I heard all this silently, and was thankful that Elspeth's blind eyes could not see the burning flush of mortification that rose to my face. The dear garrulous old body, how could she have put such a question to Mr. Hamilton? and yet how kindly he had answered! A sudden recollection of Irish dark-gray eyes with black lashes came to my mind; I knew Mr. Hamilton was a connoisseur of beauty. I had often heard him describe people, and point out their physical defects with the keenest criticism; he was singularly fastidious on this point; but, in spite of my humiliation, I was glad to know that he had spoken so gently. He had told the truth simply, that was all: at least he had owned I was true; I must content myself with this tribute to my honesty.

But it was some days before I could recall Elspeth's words without a sensation of prickly heat: it is strange how painfully these little pin-pricks to our vanity affect us. I was angry with myself for remembering them, and yet they rankled, in spite of Elspeth's quaint and homely consolation. Alas! I was not better than my fellows: Ursula Garston was not the strong-minded woman that Miss Darrell called her.

But when I next met Mr. Hamilton I had other thoughts to engross me, for Elspeth was dying, and we were standing together by her bedside. I had not sent for Mr.
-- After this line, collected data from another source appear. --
locale int_schur_partition =
  fixes D :: "int set set"
  assumes finite_part: "X \<in> D \<Longrightarrow> finite X"
    and nonempty_part: "X \<in> D \<Longrightarrow> X \<noteq> {}"
    and covers: "\<Union>D = UNIV"
    and disjoint_parts: "X \<in> D \<Longrightarrow> Y \<in> D \<Longrightarrow> X \<noteq> Y \<Longrightarrow> X \<inter> Y = {}"
    and zero_part: "{0} \<in> D"
    and uminus_part: "X \<in> D \<Longrightarrow> uminus ` X \<in> D"
    and pair_count_constant: "X \<in> D \<Longrightarrow> Y \<in> D \<Longrightarrow> constant_on_parts D (pair_count X Y)"
begin

definition part :: "int \<Rightarrow> int set" where
  "part g = (THE X. X \<in> D \<and> g \<in> X)"

lemma part_unique: "X \<in> D \<Longrightarrow> g \<in> X \<Longrightarrow> Y \<in> D \<Longrightarrow> g \<in> Y \<Longrightarrow> X = Y"
  using disjoint_parts by blast

lemma part_eq: "X \<in> D \<Longrightarrow> g \<in> X \<Longrightarrow> part g = X"
  unfolding part_def by (rule the_equality) (auto dest: part_unique)

lemma part_in: "part g \<in> D" and in_part: "g \<in> part g"
proof -
  obtain X where "X \<in> D" "g \<in> X"
    using covers by blast
  then show "part g \<in> D" "g \<in> part g"
    using part_eq by simp_all
qed

lemma constant_on_partsD: "constant_on_parts D f \<Longrightarrow> g' \<in> part g \<Longrightarrow> f g' = f g"
  unfolding constant_on_parts_def using part_in in_part by blast

lemma constant_on_parts_expansion:
  fixes f :: "int \<Rightarrow> 'b::comm_monoid_add"
  assumes f: "constant_on_parts D f" and support: "finite {z. f z \<noteq> 0}"
  obtains \<W> val where "finite \<W>" "\<W> \<subseteq> D" "\<And>z. f z = (\<Sum>W\<in>\<W>. if z \<in> W then val W else 0)"
proof
  define \<W> where "\<W> = part ` {z. f z \<noteq> 0}"
  define val where "val W = f (SOME z. z \<in> W)" for W
  show \<W>: "finite \<W>" "\<W> \<subseteq> D"
    using support part_in by (auto simp: \<W>_def)
  have val_part: "val (part z) = f z" for z
    unfolding val_def using constant_on_partsD[OF f] someI[of "\<lambda>z'. z' \<in> part z", OF in_part]
    by blast
  fix z
  have "(\<Sum>W\<in>\<W>. if z \<in> W then val W else 0) = (\<Sum>W\<in>\<W>. if W = part z then val W else 0)"
    using \<W>(2) part_eq in_part by (intro sum.cong) auto
  also have "\<dots> = (if part z \<in> \<W> then f z else 0)"
    using \<W>(1) val_part by simp
  also have "\<dots> = f z"
    by (auto simp: \<W>_def)
  finally show "f z = (\<Sum>W\<in>\<W>. if z \<in> W then val W else 0)" ..
qed

lemma convolution_constant_on_parts:
  fixes f :: "int \<Rightarrow> nat"
  assumes f: "constant_on_parts D f" and support: "finite {z. f z \<noteq> 0}" and Y: "Y \<in> D"
  shows "constant_on_parts D (\<lambda>g. \<Sum>y\<in>Y. f (g - y))"
proof -
  obtain \<W> val where \<W>: "finite \<W>" "\<W> \<subseteq> D"
    and f_expand: "\<And>z. f z = (\<Sum>W\<in>\<W>. if z \<in> W then val W else 0)"
    using constant_on_parts_expansion[OF f support] by blast
  have convolution_expand: "(\<Sum>y\<in>Y. f (g - y)) = (\<Sum>W\<in>\<W>. val W * pair_count W Y g)" for g
  proof -
    have "(\<Sum>y\<in>Y. f (g - y)) = (\<Sum>W\<in>\<W>. \<Sum>y\<in>Y. if g - y \<in> W then val W else 0)"
      by (subst f_expand) (rule sum.swap)
    also have "\<dots> = (\<Sum>W\<in>\<W>. val W * card {y \<in> Y. g - y \<in> W})"
      using finite_part[OF Y] by (simp add: sum.inter_filter[symmetric] mult.commute)
    finally show ?thesis
      by (simp add: card_diff_mem_eq_pair_count)
  qed
  show ?thesis
    unfolding constant_on_parts_def
  proof (intro ballI)
    fix Z g g' assume "Z \<in> D" "g \<in> Z" "g' \<in> Z"
    then have "pair_count W Y g = pair_count W Y g'" if "W \<in> \<W>" for W
      using pair_count_constant[OF subsetD[OF \<W>(2) that] Y] unfolding constant_on_parts_def
      by blast
    then show "(\<Sum>y\<in>Y. f (g - y)) = (\<Sum>y\<in>Y. f (g' - y))"
      unfolding convolution_expand by simp
  qed
qed

lemma tuple_count_constant:
  assumes "X \<in> D"
  shows "constant_on_parts D (tuple_count X k)"
proof (induction k)
  case 0
  show ?case
    unfolding constant_on_parts_def tuple_count_0
  proof (intro ballI)
    fix Z g g' assume "Z \<in> D" "g \<in> Z" "g' \<in> Z"
    then have "g = 0 \<longleftrightarrow> g' = 0"
      using part_unique[OF _ _ zero_part] by blast
    then show "(if g = 0 then 1 else 0) = (if g' = 0 then 1 else 0)"
      by simp
  qed
next
  case (Suc k)
  have "{z. tuple_count X k z \<noteq> 0} \<subseteq> sum_list ` {xs. set xs \<subseteq> X \<and> length xs = k}"
  proof
    fix z assume "z \<in> {z. tuple_count X k z \<noteq> 0}"
    then have "tuples_summing_to X k z \<noteq> {}"
      unfolding tuple_count_def by (metis card.empty mem_Collect_eq)
    then obtain xs where "xs \<in> tuples_summing_to X k z"
      by blast
    then show "z \<in> sum_list ` {xs. set xs \<subseteq> X \<and> length xs = k}"
      by (auto simp: tuples_summing_to_def)
  qed
  then have "finite {z. tuple_count X k z \<noteq> 0}"
    by (rule finite_subset[OF _ finite_imageI[OF finite_lists_length_eq[OF finite_part[OF assms]]]])
  moreover have "tuple_count X (Suc k) = (\<lambda>g. \<Sum>y\<in>X. tuple_count X k (g - y))"
    using tuple_count_Suc[OF finite_part[OF assms]] by (rule ext)
  ultimately show ?case
    using convolution_constant_on_parts[OF Suc.IH _ assms] by (simp only:)
qed

lemma mem_part_dilate_Max:
  assumes "X \<in> D" "k \<ge> 1" "p \<in> part (int k * Max X)"
  obtains c where "c \<in> X" "p = int k * c"
proof -
  have "tuple_count X k p = tuple_count X k (int k * Max X)"
    using constant_on_partsD[OF tuple_count_constant[OF assms(1)] assms(3)] .
  also have "\<dots> = 1"
    using assms(1) finite_part nonempty_part by (intro tuple_count_Max)
  finally show thesis
    using tuple_count_eq_1_imp_multiple assms(2) that by blast
qed

lemma part_dilate_Suc_diff:
  assumes "X \<in> D" "x \<in> X"
  obtains p q where "p \<in> part (int (Suc k) * Max X)" "q \<in> part (int k * Max X)" "p - q = x"
proof -
  define t where "t = Max X"
  define B where "B = part (int (Suc k) * t)"
  define B' where "B' = part (int k * t)"
  have t: "t \<in> X"
    using assms finite_part nonempty_part by (simp add: t_def)
  have fin: "finite B" "finite (uminus ` B')"
    unfolding B_def B'_def using finite_part part_in by simp_all
  have "int (Suc k) * t + - (int k * t) = t"
    by (simp add: algebra_simps)
  moreover have "int (Suc k) * t \<in> B" "- (int k * t) \<in> uminus ` B'"
    unfolding B_def B'_def using in_part by simp_all
  ultimately have "0 < pair_count B (uminus ` B') t"
    unfolding pair_count_pos_iff[OF fin] by blast
  moreover have "pair_count B (uminus ` B') x = pair_count B (uminus ` B') t"
    using pair_count_constant[OF part_in uminus_part[OF part_in]] assms t
    unfolding B_def B'_def constant_on_parts_def by blast
  ultimately have "0 < pair_count B (uminus ` B') x"
    by simp
  then obtain p q where "p \<in> B" "q \<in> B'" "p + - q = x"
    unfolding pair_count_pos_iff[OF fin] by blast
  then show thesis
    using that unfolding B_def B'_def t_def by simp
qed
Hamilton, for I knew that he could do nothing more for her; but he had met one of the children in the village, and on hearing the end was approaching had come at once to render me any help in his power. Perhaps he thought I should like to have him there.
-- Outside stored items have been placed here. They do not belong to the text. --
theorem mainTheorem13:
  "\<exists>F :: real^'n::finite \<Rightarrow> 'n rser.
     mult_triv_on UNIV F \<and> cont_triv F
   \<and> (\<forall>G. mult_triv_on UNIV G \<and> cont_triv G \<longrightarrow> G = F)
   \<and> (\<forall>a. Cinf (\<lambda>v. F v a))
   \<and> (\<forall>N::nat. N > 0 \<longrightarrow> (\<forall>v. F (of_nat N *\<^sub>R v) = mulN N (F v)))
   \<and> (\<forall>v a. ((\<lambda>w. F w a) has_derivative
          (\<lambda>h. \<Sum>j\<in>UNIV. complex_of_real (h $ j) * (- rmult (lbas j) (F v) a))) (at v))
   \<and> (\<forall>G. mult_triv_on tors_lift G \<longrightarrow> (\<forall>v\<in>tors_lift. G v = F v))"
proof (intro exI[of _ "\<lambda>v. delta (- v)"] conjI allI impI)
  show mult: "mult_triv_on S (\<lambda>v::real^'n. delta (- v))" for S
    by (rule mult_triv_on_delta_neg)
  have "Ck 0 (\<lambda>v::real^'n. delta (- v) a)" for a
    by (rule Ck_delta_neg)
  then show cont: "cont_triv (\<lambda>v::real^'n. delta (- v))"
    by (simp add: cont_triv_def)
  show "Cinf (\<lambda>v::real^'n. delta (- v) a)" for a
    unfolding Cinf_def using Ck_delta_neg by blast
  show "delta (- (of_nat N *\<^sub>R v)) = mulN N (delta (- v))" for N and v :: "real^'n"
    unfolding scaleR_minus_right[symmetric] by (rule delta_scaleR_of_nat)
  show "((\<lambda>w. delta (- w) a) has_derivative
      (\<lambda>h. \<Sum>j\<in>UNIV. complex_of_real (h$j) * (- rmult (lbas j) (delta (- v)) a))) (at v)"
    for v :: "real^'n" and a
    by (rule has_derivative_delta_neg)
  show "G = (\<lambda>v. delta (- v))" if "mult_triv_on UNIV G \<and> cont_triv G"
    for G :: "real^'n \<Rightarrow> 'n rser"
    using that by (intro mult_triv_on_UNIV_unique mult cont) auto
  show "\<forall>v\<in>tors_lift. G v = delta (- v)" if "mult_triv_on tors_lift G"
    for G :: "real^'n \<Rightarrow> 'n rser"
    using that mult by (rule mult_triv_on_tors_lift_unique)
qed

end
Elspeth's pinched wrinkled face brightened as she heard his voice. 'Ay, doctor, I am glad to know you are there; you have been naught but kind to me all these years, and now, thanks to this bairn, I am dying like a lady. The Lord bless you both! and He will,—He will!' with feeble earnestness.
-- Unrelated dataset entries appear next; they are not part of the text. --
lemma expectation_sum_accepted:
  fixes M :: "bool list pmf"
  assumes "finite (set_pmf M)" and "\<And>D. D \<in> set_pmf M \<Longrightarrow> length D = length rest"
  shows "measure_pmf.expectation M (\<lambda>D. sum_list (map f (accepted rest D))) =
    (\<Sum>i<length rest. f (fst (rest ! i)) * measure_pmf.prob M {D. D ! i})"
proof -
  have "measure_pmf.expectation M (\<lambda>D. sum_list (map f (accepted rest D))) =
      measure_pmf.expectation M (\<lambda>D. \<Sum>i<length rest. f (fst (rest ! i)) * indicator {D. D ! i} D)"
  proof (intro integral_cong_AE)
    show "AE D in M. sum_list (map f (accepted rest D)) =
        (\<Sum>i<length rest. f (fst (rest ! i)) * indicator {D. D ! i} D)"
      unfolding AE_measure_pmf_iff
    proof
      fix D assume "D \<in> set_pmf M"
      then show "sum_list (map f (accepted rest D)) =
          (\<Sum>i<length rest. f (fst (rest ! i)) * indicator {D. D ! i} D)"
        by (simp add: assms(2) sum_list_map_accepted indicator_def sum.If_cases)
    qed
  qed simp_all
  also have "\<dots> = (\<Sum>i<length rest. f (fst (rest ! i)) * measure_pmf.prob M {D. D ! i})"
    using assms(1) by (subst Bochner_Integration.integral_sum)
      (auto intro: integrable_measure_pmf_finite)
  finally show ?thesis .
qed

lemma length_greedy_aux: "length (greedy_aux A xs) = length xs"
  by (induction A xs rule: greedy_aux.induct) auto

lemma nth_greedy_aux:
  "i < length xs \<Longrightarrow> greedy_aux A xs ! i \<longleftrightarrow>
    (\<forall>J\<in>set A. \<not> overlaps (xs ! i) J) \<and>
    (\<forall>j<i. greedy_aux A xs ! j \<longrightarrow> \<not> overlaps (xs ! i) (xs ! j))"
proof (induction xs arbitrary: A i)
  case Nil
  then show ?case by simp
next
  case (Cons I Is)
  show ?case
  proof (cases i)
    case 0
    then show ?thesis by simp
  next
    case (Suc i')
    then have "i' < length Is" using Cons.prems by simp
    then show ?thesis
      using Cons.IH[of i' "I # A"] Cons.IH[of i' A]
      by (auto simp: Suc All_less_Suc2 overlaps_commute)
  qed
qed

lemma length_greedy_dec: "length (greedy_dec xs) = length xs"
  by (simp add: greedy_dec_def length_greedy_aux)

lemma nth_greedy_dec:
  "i < length xs \<Longrightarrow> greedy_dec xs ! i \<longleftrightarrow>
    (\<forall>j<i. greedy_dec xs ! j \<longrightarrow> \<not> overlaps (xs ! i) (xs ! j))"
  unfolding greedy_dec_def by (simp add: nth_greedy_aux)

lemma feasible_greedy_dec: "feasible xs {i. i < length xs \<and> greedy_dec xs ! i}"
proof -
  have "\<not> overlaps (xs ! i) (xs ! j)"
    if "i < length xs" "greedy_dec xs ! i" "greedy_dec xs ! j" "j < i" for i j
    using that nth_greedy_dec by blast
  then show ?thesis
    unfolding feasible_def by (metis (no_types, lifting) mem_Collect_eq lessThan_iff subsetI
      nat_neq_iff overlaps_commute)
qed

lemma overlaps_common_later:
  assumes "sorted (map fst xs)" and "\<forall>I\<in>set xs. fst I < snd I"
    and "j < k" "j' < k" "k < length xs"
    and "overlaps (xs ! j) (xs ! k)" "overlaps (xs ! j') (xs ! k)"
  shows "j = j' \<or> overlaps (xs ! j) (xs ! j')"
proof -
  have later: "overlaps (xs ! a) (xs ! b)"
    if "a < b" "b < k" "overlaps (xs ! a) (xs ! k)" for a b
  proof -
    have "fst (xs ! a) \<le> fst (xs ! b)" "fst (xs ! b) \<le> fst (xs ! k)"
      using assms(1,5) that sorted_nth_mono[of "map fst xs"] by auto
    moreover have "fst (xs ! b) < snd (xs ! b)"
      using assms(2,5) that by auto
    ultimately show ?thesis
      using that(3) unfolding overlaps_def by auto
  qed
  show ?thesis
    using later[of j j'] later[of j' j] assms(3-7) nat_neq_iff overlaps_commute by metis
qed

lemma opt_val_mul_one_minus_eta_le:
  assumes "0 \<le> trust_val xs ps"
  shows "opt_val xs * (1 - eta xs ps) \<le> trust_val xs ps"
  using assms by (cases "opt_val xs = 0") (simp_all add: eta_def field_simps)

locale smooth_merge_instance =
  fixes pt pg :: real and xs :: "interval list" and ps :: "bool list"
  assumes pt_nonneg: "0 \<le> pt" and pt_le_1: "pt \<le> 1"
    and pg_nonneg: "0 \<le> pg" and pg_le_1: "pg \<le> 1"
    and pt_pg_less_1: "pt * pg < 1"
    and length_pos: "\<forall>I\<in>set xs. fst I < snd I"
    and sorted_release: "sorted (map fst xs)"
    and length_ps: "length ps = length xs"
    and trust_feasible: "feasible xs (trust_set ps)"
begin

abbreviation gd :: "bool list" where
  "gd \<equiv> greedy_dec xs"

definition decisions :: "bool list pmf" where
  "decisions = sm_decisions pt pg [] (zip xs (zip ps gd))"

definition acc :: "nat \<Rightarrow> real" where
  "acc i = measure_pmf.prob decisions {D. D ! i}"

definition blocked :: "bool list \<Rightarrow> nat \<Rightarrow> bool" where
  "blocked D i \<longleftrightarrow> (\<exists>j<i. D ! j \<and> overlaps (xs ! j) (xs ! i))"

lemma nth_zip_decisions:
  "i < length xs \<Longrightarrow> zip xs (zip ps gd) ! i = (xs ! i, ps ! i, gd ! i)"
  by (simp add: length_ps length_greedy_dec)

lemma sm_blocked_eq_blocked: "i < length xs \<Longrightarrow> sm_blocked [] (zip xs (zip ps gd)) D i = blocked D i"
  unfolding sm_blocked_def blocked_def by (auto simp: nth_zip_decisions)

lemma acc_eq:
  assumes "i < length xs"
  shows "acc i =
    accept_prob pt pg (ps ! i) (gd ! i) * (1 - measure_pmf.prob decisions {D. blocked D i})"
proof -
  have "acc i = accept_prob pt pg (ps ! i) (gd ! i) * measure_pmf.prob decisions {D. \<not> blocked D i}"
    using prob_sm_decisions_accept[OF pt_nonneg pt_le_1 pg_nonneg pg_le_1, of i _ "[]"] assms
    by (simp add: acc_def decisions_def length_ps length_greedy_dec nth_zip_decisions
        sm_blocked_eq_blocked)
  also have "{D. \<not> blocked D i} = UNIV - {D. blocked D i}"
    by blast
  also have "measure_pmf.prob decisions \<dots> = 1 - measure_pmf.prob decisions {D. blocked D i}"
    using measure_pmf.prob_compl[of "{D. blocked D i}" decisions] by simp
  finally show ?thesis .
qed

lemma acc_nonneg: "0 \<le> acc i"
  by (simp add: acc_def)

lemma accept_imp:
  "D \<in> set_pmf decisions \<Longrightarrow> i < length xs \<Longrightarrow> D ! i \<Longrightarrow> \<not> blocked D i \<and> (ps ! i \<or> gd ! i)"
  using sm_decisions_accept_imp[of D pt pg "[]" "zip xs (zip ps gd)" i]
  by (simp add: decisions_def length_ps length_greedy_dec nth_zip_decisions sm_blocked_eq_blocked)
I bent down and kissed her cold cheek. 'Never mind us, Elspeth: only tell us that all is well with you. You are not afraid, dear granny?'

'What's to fear, my bairn, with the Lord holding my hand?—and He will not let go; ah no, He will never let go! Ay, I have come to the dark river, but it will not do more than wet my feet. I'll be carried over, for I am old and weak,—old and weak, my dearie.' These were her last words, and half an hour afterwards the change came, and Elspeth's sightless eyes were opened to the light of immortality.

That night I took up a little worn copy of the Pilgrim's Progress that I had had from childhood, and opened it at a favourite passage, where Christian and his companion are talking with the shining ones as they went up towards the Celestial city, and I thought of Elspeth as I read it. 'You are going now,' said they, 'to the paradise of God, wherein you shall see the Tree of Life, and eat of the never-failing fruit thereof; and when you come there you shall have white robes given you, and your walk and talk shall be every day with the King, even all the days of eternity. There you shall not see again such things as you saw when you were in the lower regions, upon the earth, to wit, sorrow, sickness, and death, for the former things are passed away....

'And the men asked, "What must we do in that holy place?" To whom it was answered, "You must then receive the comfort of your toil, and have joy for all your sorrow."' I thought of Elspeth's last words, 'Old and weak,—old and weak, my dearie.' Surely they had come true: those aged feet had barely touched the cold water. Gently and tenderly she had been carried across to the green pastures and still waters in the paradise of God.